● **EXTRACTED RECORDS**
(* Let $L\subset\mathfrak{sl}_2(\mathbb{C}[\lambda])$ be a Lie subalgebra of finite codimension. Then the associative algebra $\mathcal{I}(L)$ is commutative and is isomorphic to the field $\mathbb{C}(\lambda)$ of rational functions in $\lambda$.
   Context: $\mathfrak{sl}_2(\mathbb{C}[\lambda])=\mathfrak{sl}_2(\mathbb{C})\otimes_{\mathbb{C}}\mathbb{C}[\lambda]$ with bracket $[y_1\otimes f_1,y_2\otimes f_2]=[y_1,y_2]\otimes f_1f_2$. For a Lie algebra $\mathfrak{L}$ over $\mathbb{C}$, an admissible pair is $(h,\mathfrak{h})$ with $\mathfrak{h}\subset\mathfrak{L}$ a Lie subalgebra of finite codimension and $h\colon\mathfrak{h}\to\mathfrak{L}$ linear with $h([p_1,p_2])=[h(p_1),p_2]=[p_1,h(p_2)]$ for all $p_1,p_2\in\mathfrak{h}$. Two admissible pairs $(h,\mathfrak{h}),(\tilde h,\tilde{\mathfrak{h}})$ are equivalent if $h$ and $\tilde h$ agree on some subalgebra of finite codimension contained in $\mathfrak{h}\cap\tilde{\mathfrak{h}}$. $\mathcal{I}(\mathfrak{L})$ is the set of equivalence classes, an associative algebra with $c[(h,\mathfrak{h})]=[(ch,\mathfrak{h})]$, $[(h_1,\mathfrak{h}_1)]+[(h_2,\mathfrak{h}_2)]=[(h_1+h_2,\mathfrak{h}_1\cap\mathfrak{h}_2)]$, and $[(h_1,\mathfrak{h}_1)]\cdot[(h_2,\mathfrak{h}_2)]=[(h_1\circ h_2,\hat{\mathfrak{h}})]$ with $\hat{\mathfrak{h}}=\{w\in\mathfrak{h}_1\cap\mathfrak{h}_2: h_2(w)\in\mathfrak{h}_1\}$. *)

theory Defs
  imports "HOL-Computational_Algebra.Polynomial" "HOL-Computational_Algebra.Fraction_Field"
begin

text \<open>sl_2(C[lambda]): an element a H + b E + c F (a,b,c complex polynomials) is
  represented by the triple (a,b,c); H, E, F the standard basis of sl_2(C).\<close>
type_synonym sl2 = "complex poly \<times> complex poly \<times> complex poly"

definition sl2_zero :: sl2 where "sl2_zero = (0, 0, 0)"

definition sl2_add :: "sl2 \<Rightarrow> sl2 \<Rightarrow> sl2" where
  "sl2_add x y = (case x of (a, b, c) \<Rightarrow> case y of (a', b', c') \<Rightarrow> (a + a', b + b', c + c'))"
(* Let $0<\alpha\le 2\pi/3$ and let $u,v\in V$ with $\{u,v\}\in E$. Then either $(u,v)\in N_\alpha$, or there is a sequence $u_0,\dots,u_m$ with $u_0=u$, $u_m=v$, and for all $i=0,\dots,m-1$: $(u_i,u_{i+1})\in N_\alpha$ and $d(u_i,u_{i+1})<d(u,v)$.
   Context: Let $V$ be a finite set of pairwise distinct points (nodes) in the Euclidean plane, $d$ the Euclidean distance, and $R>0$. Let $G_R=(V,E)$ be the undirected graph with $E=\{\{u,v\}: u\neq v,\ d(u,v)\le R\}$. Fix a finite increasing sequence of radius levels $0<r_1<r_2<\dots<r_k=R$. For $u\in V$ and $1\le i\le k$ let $S_i(u)=\{v\in V\setminus\{u\}: d(u,v)\le r_i\}$. For $0<\alpha<2\pi$, a closed cone of width $\alpha$ with apex $u$ is a set $\{u+t(\cos\varphi,\sin\varphi): t\ge 0,\ \varphi\in[\theta-\alpha/2,\theta+\alpha/2]\}$ for some $\theta$. A finite set $S\subseteq V\setminus\{u\}$ has an $\alpha$-gap (at $u$) if some closed cone of width $\alpha$ with apex $u$ contains no node of $S$ (in particular $\emptyset$ has an $\alpha$-gap). The algorithm CBTC($\alpha$) assigns to each $u$ the index $i_u$ = the least $i\in\{1,\dots,k\}$ such that $S_i(u)$ has no $\alpha$-gap, or $i_u=k$ if there is no such $i$; set $N_\alpha(u)=S_{i_u}(u)$ and $N_\alpha=\{(u,v): v\in N_\alpha(u)\}$ (a directed relation, not necessarily symmetric). *)

theory Defs
  imports "HOL-Analysis.Analysis"
begin

text \<open>The Euclidean plane is modelled by the type complex; dist is the Euclidean distance.
  Radius levels are r 1 < ... < r k (indices 1..k).\<close>

definition S_level :: "complex set \<Rightarrow> (nat \<Rightarrow> real) \<Rightarrow> nat \<Rightarrow> complex \<Rightarrow> complex set" where
  "S_level V r i u = {v \<in> V - {u}. dist u v \<le> r i}"

definition cone :: "complex \<Rightarrow> real \<Rightarrow> real \<Rightarrow> complex set" where
  "cone u \<theta> \<alpha> = {u + complex_of_real t * cis \<phi> | t \<phi>.
      t \<ge> 0 \<and> \<theta> - \<alpha>/2 \<le> \<phi> \<and> \<phi> \<le> \<theta> + \<alpha>/2}"

definition has_gap :: "real \<Rightarrow> complex \<Rightarrow> complex set \<Rightarrow> bool" where
  "has_gap \<alpha> u S \<longleftrightarrow> (\<exists>\<theta>. cone u \<theta> \<alpha> \<inter> S = {})"

definition cbtc_index :: "complex set \<Rightarrow> (nat \<Rightarrow> real) \<Rightarrow> nat \<Rightarrow> real \<Rightarrow> complex \<Rightarrow> nat" where
  "cbtc_index V r k \<alpha> u =
     (if \<exists>i\<in>{1..k}. \<not> has_gap \<alpha> u (S_level V r i u)
      then (LEAST i. i \<in> {1..k} \<and> \<not> has_gap \<alpha> u (S_level V r i u))
      else k)"

definition N_cbtc :: "complex set \<Rightarrow> (nat \<Rightarrow> real) \<Rightarrow> nat \<Rightarrow> real \<Rightarrow> (complex \<times> complex) set" where
  "N_cbtc V r k \<alpha> = {(u, v). u \<in> V \<and> v \<in> S_level V r (cbtc_index V r k \<alpha> u) u}"

end

theory Submission
  imports Defs
begin

text \<open>If the edge \<open>(u, v)\<close> is not kept, the level chosen at \<open>u\<close> has no \<open>\<alpha>\<close>-gap but does not
  reach \<open>v\<close>; so the cone of width \<open>\<alpha>\<close> around the direction of \<open>v\<close> contains a neighbour \<open>w\<close>
  strictly closer to \<open>u\<close> than \<open>v\<close>. As \<open>\<alpha> \<le> 2\<pi>/3\<close>, the angle \<open>wuv\<close> is at most \<open>\<pi>/3\<close>, which
  forces \<open>d(w, v) < d(u, v)\<close>. Iterating from \<open>w\<close> (induction on the length of the edge, of
  which there are finitely many) yields a path of kept edges, all shorter than \<open>d(u, v)\<close>.\<close>

lemma norm_polar_diff_squared:
  fixes t c \<phi> \<theta> :: real
  shows "(norm (complex_of_real t * cis \<phi> - complex_of_real c * cis \<theta>))\<^sup>2
    = t\<^sup>2 + c\<^sup>2 - 2 * t * c * cos (\<phi> - \<theta>)"
proof -
  have "(norm (complex_of_real t * cis \<phi> - complex_of_real c * cis \<theta>))\<^sup>2
      = (t * cos \<phi> - c * cos \<theta>)\<^sup>2 + (t * sin \<phi> - c * sin \<theta>)\<^sup>2"
    by (simp add: cmod_def)
  also have "\<dots> = t\<^sup>2 * ((sin \<phi>)\<^sup>2 + (cos \<phi>)\<^sup>2) + c\<^sup>2 * ((sin \<theta>)\<^sup>2 + (cos \<theta>)\<^sup>2)
      - 2 * t * c * (cos \<phi> * cos \<theta> + sin \<phi> * sin \<theta>)"
    by algebra
  also have "\<dots> = t\<^sup>2 + c\<^sup>2 - 2 * t * c * cos (\<phi> - \<theta>)"
    by (simp add: cos_diff)
  finally show ?thesis .
qed

lemma norm_polar_diff_less:
  fixes t c \<phi> \<theta> :: real
  assumes "0 < t" "t < c" "\<bar>\<phi> - \<theta>\<bar> \<le> pi / 3"
  shows "norm (complex_of_real t * cis \<phi> - complex_of_real c * cis \<theta>) < c"
proof -
  have "cos (pi / 3) \<le> cos \<bar>\<phi> - \<theta>\<bar>"
    using assms(3) by (intro cos_monotone_0_pi_le) auto
  then have "1 / 2 \<le> cos (\<phi> - \<theta>)"
    by (simp add: cos_60 cos_abs_real)
  then have "t * c \<le> 2 * t * c * cos (\<phi> - \<theta>)"
    using assms(1,2) mult_left_mono[of "1/2" "cos (\<phi> - \<theta>)" "2 * t * c"] by simp
  moreover have "t\<^sup>2 < t * c"
    using assms(1,2) by (simp add: power2_eq_square)
  ultimately have "(norm (complex_of_real t * cis \<phi> - complex_of_real c * cis \<theta>))\<^sup>2 < c\<^sup>2"
    unfolding norm_polar_diff_squared by linarith
  then show ?thesis
    using assms(1,2) by (simp add: power2_less_imp_less)
qed

lemma cone_point_closer:
  assumes "\<alpha> \<le> 2 * pi / 3" and "w \<in> cone u (Arg (v - u)) \<alpha>"
    and "w \<noteq> u" and "dist u w < dist u v"
  shows "dist w v < dist u v"
proof -
  obtain t \<phi> where w: "w = u + complex_of_real t * cis \<phi>" and "t \<ge> 0"
    and "Arg (v - u) - \<alpha> / 2 \<le> \<phi>" and "\<phi> \<le> Arg (v - u) + \<alpha> / 2"
    using assms(2) unfolding cone_def by blast
  with assms(1) have \<phi>: "\<bar>\<phi> - Arg (v - u)\<bar> \<le> pi / 3"
    by linarith
  have "dist u w = t"
    using w \<open>t \<ge> 0\<close> by (simp add: dist_norm norm_mult)
  with assms(3) \<open>t \<ge> 0\<close> have "0 < t"
    by auto
  have "v - u = complex_of_real (dist u v) * cis (Arg (v - u))"
    by (metis rcis_cmod_Arg rcis_def dist_commute dist_norm)
  then have "w - v = complex_of_real t * cis \<phi> - complex_of_real (dist u v) * cis (Arg (v - u))"
    using w by (simp add: algebra_simps)
  then show ?thesis
    using norm_polar_diff_less[OF \<open>0 < t\<close> _ \<phi>] assms(4) \<open>dist u w = t\<close> by (simp add: dist_norm)
qed

lemma no_gap_at_cbtc_index:
  assumes "(u, v) \<notin> N_cbtc V r k \<alpha>" and "u \<in> V" and "v \<in> S_level V r k u"
  shows "\<not> has_gap \<alpha> u (S_level V r (cbtc_index V r k \<alpha> u) u)"
proof (cases "\<exists>i\<in>{1..k}. \<not> has_gap \<alpha> u (S_level V r i u)")
  case True
  then have "\<exists>i. i \<in> {1..k} \<and> \<not> has_gap \<alpha> u (S_level V r i u)"
    by blast
  from LeastI_ex[OF this] True show ?thesis
    unfolding cbtc_index_def by simp
next
  case False
  then have "cbtc_index V r k \<alpha> u = k"
    by (simp add: cbtc_index_def)
  with assms show ?thesis
    by (simp add: N_cbtc_def)
qed

lemma N_cbtc_detour:
  assumes "\<alpha> \<le> 2 * pi / 3" and "u \<in> V" and "v \<in> V" and "u \<noteq> v" and "dist u v \<le> r k"
    and "(u, v) \<notin> N_cbtc V r k \<alpha>"
  shows "\<exists>w\<in>V. (u, w) \<in> N_cbtc V r k \<alpha> \<and> dist u w < dist u v \<and> dist w v < dist u v"
proof -
  define S where "S = S_level V r (cbtc_index V r k \<alpha> u) u"
  have "v \<in> S_level V r k u"
    using assms(3-5) by (simp add: S_level_def)
  with assms(2,6) have "\<not> has_gap \<alpha> u S"
    unfolding S_def by (intro no_gap_at_cbtc_index)
  then obtain w where cone: "w \<in> cone u (Arg (v - u)) \<alpha>" and "w \<in> S"
    unfolding has_gap_def by blast
  have "v \<notin> S"
    using assms(2,6) by (simp add: S_def N_cbtc_def)
  with \<open>w \<in> S\<close> assms(3,4) have "w \<in> V" "w \<noteq> u" "dist u w < dist u v"
    by (auto simp: S_def S_level_def)
  moreover have "(u, w) \<in> N_cbtc V r k \<alpha>"
    using \<open>w \<in> S\<close> assms(2) by (simp add: S_def N_cbtc_def)
  ultimately show ?thesis
    using cone_point_closer[OF assms(1) cone] by blast
qed

lemma card_shorter_pairs_less:
  fixes V :: "'a::metric_space set"
  assumes "finite V" and "w \<in> V" and "b \<in> V" and "dist w b < dist a b"
  shows "card {p \<in> V \<times> V. dist (fst p) (snd p) < dist w b}
    < card {p \<in> V \<times> V. dist (fst p) (snd p) < dist a b}"
proof (rule psubset_card_mono)
  show "finite {p \<in> V \<times> V. dist (fst p) (snd p) < dist a b}"
    using assms(1) by simp
  show "{p \<in> V \<times> V. dist (fst p) (snd p) < dist w b}
    \<subset> {p \<in> V \<times> V. dist (fst p) (snd p) < dist a b}"
    using assms(2-4) by force
qed

lemma kept_or_shorter_path:
  fixes V :: "'a::metric_space set" and N :: "('a \<times> 'a) set"
  assumes "finite V"
    and detour: "\<And>a b. a \<in> V \<Longrightarrow> b \<in> V \<Longrightarrow> a \<noteq> b \<Longrightarrow> dist a b \<le> R \<Longrightarrow> (a, b) \<notin> N \<Longrightarrow>
      \<exists>w\<in>V. (a, w) \<in> N \<and> dist a w < dist a b \<and> dist w b < dist a b"
    and "a \<in> V" and "b \<in> V" and "dist a b \<le> R"
  shows "(a, b) \<in> N \<or> (a, b) \<in> {(x, y) \<in> N. dist x y < dist a b}\<^sup>*"
  using assms(3-5)
proof (induction "card {p \<in> V \<times> V. dist (fst p) (snd p) < dist a b}" arbitrary: a rule: less_induct)
  case less
  show ?case
  proof (cases "(a, b) \<in> N \<or> a = b")
    case False
    with less.prems obtain w where w: "w \<in> V" "(a, w) \<in> N" "dist a w < dist a b" "dist w b < dist a b"
      using detour by blast
    have "(w, b) \<in> N \<or> (w, b) \<in> {(x, y) \<in> N. dist x y < dist w b}\<^sup>*"
      using less.hyps[OF card_shorter_pairs_less] assms(1) w(1,4) less.prems by force
    moreover have "{(x, y) \<in> N. dist x y < dist w b} \<subseteq> {(x, y) \<in> N. dist x y < dist a b}"
      using w(4) by auto
    ultimately have "(w, b) \<in> {(x, y) \<in> N. dist x y < dist a b}\<^sup>*"
      using w(4) rtrancl_mono by blast
    with w(2,3) show ?thesis
      by (auto intro: converse_rtrancl_into_rtrancl)
  qed auto
qed

theorem lemma2:
  fixes V :: "complex set" and r :: "nat \<Rightarrow> real" and k :: nat and R \<alpha> :: real
    and u v :: complex
  assumes "finite V" and "R > 0"
    and "k \<ge> 1" and "0 < r 1" and "\<And>i j. 1 \<le> i \<Longrightarrow> i < j \<Longrightarrow> j \<le> k \<Longrightarrow> r i < r j"
    and "r k = R"
    and "0 < \<alpha>" and "\<alpha> \<le> 2 * pi / 3"
    and "u \<in> V" and "v \<in> V" and "u \<noteq> v" and "dist u v \<le> R"
  shows "(u, v) \<in> N_cbtc V r k \<alpha> \<or>
    (\<exists>(us :: nat \<Rightarrow> complex) m. us 0 = u \<and> us m = v \<and>
       (\<forall>i<m. (us i, us (Suc i)) \<in> N_cbtc V r k \<alpha> \<and> dist (us i) (us (Suc i)) < dist u v))"
proof -
  have "(u, v) \<in> N_cbtc V r k \<alpha> \<or>
      (u, v) \<in> {(x, y) \<in> N_cbtc V r k \<alpha>. dist x y < dist u v}\<^sup>*"
    using kept_or_shorter_path[OF assms(1) N_cbtc_detour] assms(6,8-10,12) by blast
  then show ?thesis
    unfolding rtrancl_power relpow_fun_conv by auto
qed

end
(* Let $L>0$, let $P\in H^2(0,L)$ be real-valued with $P(x)\ge P^0>0$ on $[0,L]$, and let $\theta_1,\dots,\theta_4\in\mathbb R$ with $\theta_3\neq0$. Let $\mathcal H=\{(w,v,\xi,\psi): w\in H^2(0,L),\ v\in H^1(0,L),\ \xi=v(L),\ \psi=v(0)\}$, $F[w,v]=\theta_1v(0)+\theta_2v'(0)+\theta_3w(0)+\theta_4w'(0)$, and let $A(w,v,\xi,\psi)=(v,(Pw')',-w'(L),F[w,v])$ with domain $$D(A)=\{(w,v,\xi,\psi): w\in H^3(0,L),\ v\in H^2(0,L),\ \xi=v(L),\ \psi=v(0),\ (Pw')'(L)=-w'(L),\ (Pw')'(0)=F[w,v]\}.$$ Then $A$ is injective and $\operatorname{ran}A=\mathcal H$; i.e. $A^{-1}$ exists and is defined on all of $\mathcal H$.
   Context: Prime denotes $d/dx$; functions are complex-valued; $\mathcal H$ is a closed subspace of $H^2(0,L)\times H^1(0,L)\times\mathbb C\times\mathbb C$. *)

theory Defs
  imports "HOL-Analysis.Analysis"
begin

definition L2on :: "real \<Rightarrow> (real \<Rightarrow> complex) \<Rightarrow> bool" where
  "L2on L f \<longleftrightarrow> f absolutely_integrable_on {0..L} \<and>
                 (\<lambda>x. (norm (f x))^2) integrable_on {0..L}"

text \<open>Sobolev space H^k(0,L), via (continuous) representatives on [0,L]:
  H^0 = L^2, and f is in H^(k+1) iff f(x) = f(0) + integral of g over [0,x]
  for all x in [0,L], for some g in H^k (g is the weak derivative).\<close>
fun sob :: "nat \<Rightarrow> real \<Rightarrow> (real \<Rightarrow> complex) \<Rightarrow> bool" where
  "sob 0 L f = L2on L f"
| "sob (Suc k) L f = (\<exists>g. sob k L g \<and> (\<forall>x\<in>{0..L}. f x = f 0 + integral {0..x} g))"

definition dI :: "real \<Rightarrow> (real \<Rightarrow> complex) \<Rightarrow> real \<Rightarrow> complex" where
  "dI L f x = vector_derivative f (at x within {0..L})"

text \<open>Functions are normalised to vanish outside [0,L], so that elements of the
  spaces are identified with their restriction to [0,L].\<close>
definition extI :: "real \<Rightarrow> (real \<Rightarrow> complex) \<Rightarrow> bool" where
  "extI L f \<longleftrightarrow> (\<forall>x. x \<notin> {0..L} \<longrightarrow> f x = 0)"

type_synonym state = "(real \<Rightarrow> complex) \<times> (real \<Rightarrow> complex) \<times> complex \<times> complex"

definition Hsp :: "real \<Rightarrow> state set" where
  "Hsp L = {(w, v, \<xi>, \<psi>). sob 2 L w \<and> sob 1 L v \<and> extI L w \<and> extI L v \<and>
                          \<xi> = v L \<and> \<psi> = v 0}"

definition Fb :: "real \<Rightarrow> real \<Rightarrow> real \<Rightarrow> real \<Rightarrow> real \<Rightarrow>
                  (real \<Rightarrow> complex) \<Rightarrow> (real \<Rightarrow> complex) \<Rightarrow> complex" where
  "Fb L t1 t2 t3 t4 w v = of_real t1 * v 0 + of_real t2 * dI L v 0
                         + of_real t3 * w 0 + of_real t4 * dI L w 0"

definition flux' :: "real \<Rightarrow> (real \<Rightarrow> real) \<Rightarrow> (real \<Rightarrow> complex) \<Rightarrow> real \<Rightarrow> complex" where
  "flux' L P w = dI L (\<lambda>y. of_real (P y) * dI L w y)"

definition opA :: "real \<Rightarrow> (real \<Rightarrow> real) \<Rightarrow> real \<Rightarrow> real \<Rightarrow> real \<Rightarrow> real \<Rightarrow> state \<Rightarrow> state" where
  "opA L P t1 t2 t3 t4 u = (case u of (w, v, \<xi>, \<psi>) \<Rightarrow>
     (v, (\<lambda>x. if x \<in> {0..L} then flux' L P w x else 0),
      - dI L w L, Fb L t1 t2 t3 t4 w v))"

definition domA :: "real \<Rightarrow> (real \<Rightarrow> real) \<Rightarrow> real \<Rightarrow> real \<Rightarrow> real \<Rightarrow> real \<Rightarrow> state set" where
  "domA L P t1 t2 t3 t4 = {(w, v, \<xi>, \<psi>). sob 3 L w \<and> sob 2 L v \<and> extI L w \<and> extI L v \<and>
       \<xi> = v L \<and> \<psi> = v 0 \<and>
       flux' L P w L = - dI L w L \<and> flux' L P w 0 = Fb L t1 t2 t3 t4 w v}"

end

theory Submission
  imports Defs
begin

text \<open>
  The inverse of \<open>A\<close> can be written down. If \<open>A(w, v, \<xi>, \<psi>) = (f, g, g(L), g(0))\<close> then
  \<open>v = f\<close> and \<open>(P w')' = g\<close>, so \<open>P w' = c + \<integral>\<^sub>0\<^sup>x g\<close>; the condition \<open>(P w')'(L) = -w'(L)\<close>
  fixes \<open>c\<close>, and the condition \<open>(P w')'(0) = F[w, v]\<close> then fixes \<open>w(0)\<close> because \<open>\<theta>\<^sub>3 \<noteq> 0\<close>.
  Read as a uniqueness statement this gives injectivity, read as a construction it gives
  surjectivity. The analytic content is regularity: the flux of \<open>w \<in> H\<^sup>3\<close> lies in \<open>H\<^sup>1\<close>
  and the constructed \<open>w\<close> lies in \<open>H\<^sup>3\<close>. Both reduce to the product rule for an \<open>H\<^sup>1\<close>
  function times a \<open>C\<^sup>1\<close> function, which follows from Fubini's theorem on a triangle.
\<close>

section \<open>Integration by parts for absolutely continuous functions\<close>

lemma sigma_finite_lebesgue: "sigma_finite_measure (lebesgue :: real measure)"
proof
  obtain A :: "real set set" where "countable A" "A \<subseteq> sets lborel" "\<Union>A = space lborel"
      "\<forall>a\<in>A. emeasure lborel a \<noteq> \<infinity>"
    using lborel.sigma_finite_countable by blast
  then show "\<exists>A::real set set. countable A \<and> A \<subseteq> sets lebesgue \<and> \<Union>A = space lebesgue \<and>
      (\<forall>a\<in>A. emeasure lebesgue a \<noteq> \<infinity>)"
    by (intro exI[of _ A]) (auto simp: emeasure_completion dest: sets_completionI_sets)
qed

interpretation lebesgue_pair: pair_sigma_finite "lebesgue :: real measure" "lebesgue :: real measure"
  by (simp add: pair_sigma_finite_def sigma_finite_lebesgue)

lemma (in pair_sigma_finite) integrable_product:
  fixes f :: "'a \<Rightarrow> real" and g :: "'b \<Rightarrow> real"
  assumes f: "integrable M1 f" and g: "integrable M2 g"
  shows "integrable (M1 \<Otimes>\<^sub>M M2) (\<lambda>(x, y). f x * g y)"
proof (rule Fubini_integrable)
  show "(\<lambda>(x, y). f x * g y) \<in> borel_measurable (M1 \<Otimes>\<^sub>M M2)"
    using f g by measurable
  have "integrable M1 (\<lambda>x. norm (f x) * (LINT y|M2. norm (g y)))"
    using f by (intro integrable_mult_left) auto
  then show "integrable M1 (\<lambda>x. LINT y|M2. norm (case (x, y) of (x, y) \<Rightarrow> f x * g y))"
    by (simp add: abs_mult integral_mult_right_zero)
  show "AE x in M1. integrable M2 (\<lambda>y. case (x, y) of (x, y) \<Rightarrow> f x * g y)"
    using g by (auto intro!: integrable_mult_right)
qed

lemma sets_lebesgue_pair_le: "{z::real \<times> real. fst z \<le> snd z} \<in> sets (lebesgue \<Otimes>\<^sub>M lebesgue)"
proof -
  have id: "(\<lambda>x::real. x) \<in> borel_measurable lebesgue"
    by (simp add: measurable_completion)
  have fst: "(fst :: real \<times> real \<Rightarrow> real) \<in> borel_measurable (lebesgue \<Otimes>\<^sub>M lebesgue)"
    using measurable_compose[OF measurable_fst[of lebesgue lebesgue] id] by simp
  have snd: "(snd :: real \<times> real \<Rightarrow> real) \<in> borel_measurable (lebesgue \<Otimes>\<^sub>M lebesgue)"
    using measurable_compose[OF measurable_snd[of lebesgue lebesgue] id] by simp
  show ?thesis
    using borel_measurable_le[OF fst snd] by (simp add: space_pair_measure)
qed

● **THE PROBLEM**
Each line from the top of the data, up to and including the line that contains "b, c) \<Rightarrow>", should be set down exactly.

● **ANSWER SPACE**
(* Let $L\subset\mathfrak{sl}_2(\mathbb{C}[\lambda])$ be a Lie subalgebra of finite codimension. Then the associative algebra $\mathcal{I}(L)$ is commutative and is isomorphic to the field $\mathbb{C}(\lambda)$ of rational functions in $\lambda$.
   Context: $\mathfrak{sl}_2(\mathbb{C}[\lambda])=\mathfrak{sl}_2(\mathbb{C})\otimes_{\mathbb{C}}\mathbb{C}[\lambda]$ with bracket $[y_1\otimes f_1,y_2\otimes f_2]=[y_1,y_2]\otimes f_1f_2$. For a Lie algebra $\mathfrak{L}$ over $\mathbb{C}$, an admissible pair is $(h,\mathfrak{h})$ with $\mathfrak{h}\subset\mathfrak{L}$ a Lie subalgebra of finite codimension and $h\colon\mathfrak{h}\to\mathfrak{L}$ linear with $h([p_1,p_2])=[h(p_1),p_2]=[p_1,h(p_2)]$ for all $p_1,p_2\in\mathfrak{h}$. Two admissible pairs $(h,\mathfrak{h}),(\tilde h,\tilde{\mathfrak{h}})$ are equivalent if $h$ and $\tilde h$ agree on some subalgebra of finite codimension contained in $\mathfrak{h}\cap\tilde{\mathfrak{h}}$. $\mathcal{I}(\mathfrak{L})$ is the set of equivalence classes, an associative algebra with $c[(h,\mathfrak{h})]=[(ch,\mathfrak{h})]$, $[(h_1,\mathfrak{h}_1)]+[(h_2,\mathfrak{h}_2)]=[(h_1+h_2,\mathfrak{h}_1\cap\mathfrak{h}_2)]$, and $[(h_1,\mathfrak{h}_1)]\cdot[(h_2,\mathfrak{h}_2)]=[(h_1\circ h_2,\hat{\mathfrak{h}})]$ with $\hat{\mathfrak{h}}=\{w\in\mathfrak{h}_1\cap\mathfrak{h}_2: h_2(w)\in\mathfrak{h}_1\}$. *)

theory Defs
  imports "HOL-Computational_Algebra.Polynomial" "HOL-Computational_Algebra.Fraction_Field"
begin

text \<open>sl_2(C[lambda]): an element a H + b E + c F (a,b,c complex polynomials) is
  represented by the triple (a,b,c); H, E, F the standard basis of sl_2(C).\<close>
type_synonym sl2 = "complex poly \<times> complex poly \<times> complex poly"

definition sl2_zero :: sl2 where "sl2_zero = (0, 0, 0)"

definition sl2_add :: "sl2 \<Rightarrow> sl2 \<Rightarrow> sl2" where
  "sl2_add x y = (case x of (a, b, c) \<Rightarrow> case y of (a', b', c') \<Rightarrow> (a + a', b + b', c + c'))"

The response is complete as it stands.